** Opening Task input block **

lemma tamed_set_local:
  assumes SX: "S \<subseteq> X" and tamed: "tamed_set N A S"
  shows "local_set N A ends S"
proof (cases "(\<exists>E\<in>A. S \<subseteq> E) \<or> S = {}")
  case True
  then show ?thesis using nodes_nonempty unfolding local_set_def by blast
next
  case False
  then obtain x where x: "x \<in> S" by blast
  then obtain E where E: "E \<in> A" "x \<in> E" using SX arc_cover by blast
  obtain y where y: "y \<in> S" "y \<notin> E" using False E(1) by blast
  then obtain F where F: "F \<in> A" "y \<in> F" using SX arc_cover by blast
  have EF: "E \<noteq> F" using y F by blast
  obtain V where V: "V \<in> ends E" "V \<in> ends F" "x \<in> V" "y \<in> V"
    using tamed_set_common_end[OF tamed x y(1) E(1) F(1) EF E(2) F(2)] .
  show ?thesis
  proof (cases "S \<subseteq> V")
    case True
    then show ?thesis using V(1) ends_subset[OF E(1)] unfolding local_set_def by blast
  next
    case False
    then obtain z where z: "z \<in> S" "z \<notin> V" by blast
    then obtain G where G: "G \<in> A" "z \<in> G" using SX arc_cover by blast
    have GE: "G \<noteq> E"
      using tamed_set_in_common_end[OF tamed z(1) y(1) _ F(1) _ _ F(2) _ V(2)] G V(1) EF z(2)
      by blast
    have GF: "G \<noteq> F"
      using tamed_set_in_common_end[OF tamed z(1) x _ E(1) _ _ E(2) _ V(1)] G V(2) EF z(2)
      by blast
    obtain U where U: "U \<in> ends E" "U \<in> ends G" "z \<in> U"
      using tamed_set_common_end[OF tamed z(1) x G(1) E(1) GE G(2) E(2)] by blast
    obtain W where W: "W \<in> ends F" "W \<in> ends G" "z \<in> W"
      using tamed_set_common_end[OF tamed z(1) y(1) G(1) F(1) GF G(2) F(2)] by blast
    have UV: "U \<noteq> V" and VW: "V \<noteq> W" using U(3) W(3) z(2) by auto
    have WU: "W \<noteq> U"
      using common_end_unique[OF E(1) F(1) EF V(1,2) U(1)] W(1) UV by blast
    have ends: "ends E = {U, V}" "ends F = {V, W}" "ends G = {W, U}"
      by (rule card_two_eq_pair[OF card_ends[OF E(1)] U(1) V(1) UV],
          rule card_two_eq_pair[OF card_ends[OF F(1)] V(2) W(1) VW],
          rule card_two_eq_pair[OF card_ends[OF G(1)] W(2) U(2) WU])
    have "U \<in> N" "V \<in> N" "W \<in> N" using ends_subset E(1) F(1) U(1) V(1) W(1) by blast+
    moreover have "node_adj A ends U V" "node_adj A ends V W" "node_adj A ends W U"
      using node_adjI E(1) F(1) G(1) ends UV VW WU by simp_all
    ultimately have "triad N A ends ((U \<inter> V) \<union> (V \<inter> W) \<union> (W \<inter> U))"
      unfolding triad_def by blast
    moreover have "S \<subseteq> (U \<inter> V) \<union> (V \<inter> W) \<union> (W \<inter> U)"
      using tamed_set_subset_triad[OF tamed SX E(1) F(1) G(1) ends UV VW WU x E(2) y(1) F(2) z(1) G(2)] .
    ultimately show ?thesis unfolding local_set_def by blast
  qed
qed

** Closing Task input block **

> [Task objective] Transcribe the entries above word for word, from the first line through the line containing "obtain y where", and nothing else.

> [Expected answer]
lemma tamed_set_local:
  assumes SX: "S \<subseteq> X" and tamed: "tamed_set N A S"
  shows "local_set N A ends S"
proof (cases "(\<exists>E\<in>A. S \<subseteq> E) \<or> S = {}")
  case True
  then show ?thesis using nodes_nonempty unfolding local_set_def by blast
next
  case False
  then obtain x where x: "x \<in> S" by blast
  then obtain E where E: "E \<in> A" "x \<in> E" using SX arc_cover by blast
  obtain y where y: "y \<in> S" "y \<notin> E" using False E(1) by blast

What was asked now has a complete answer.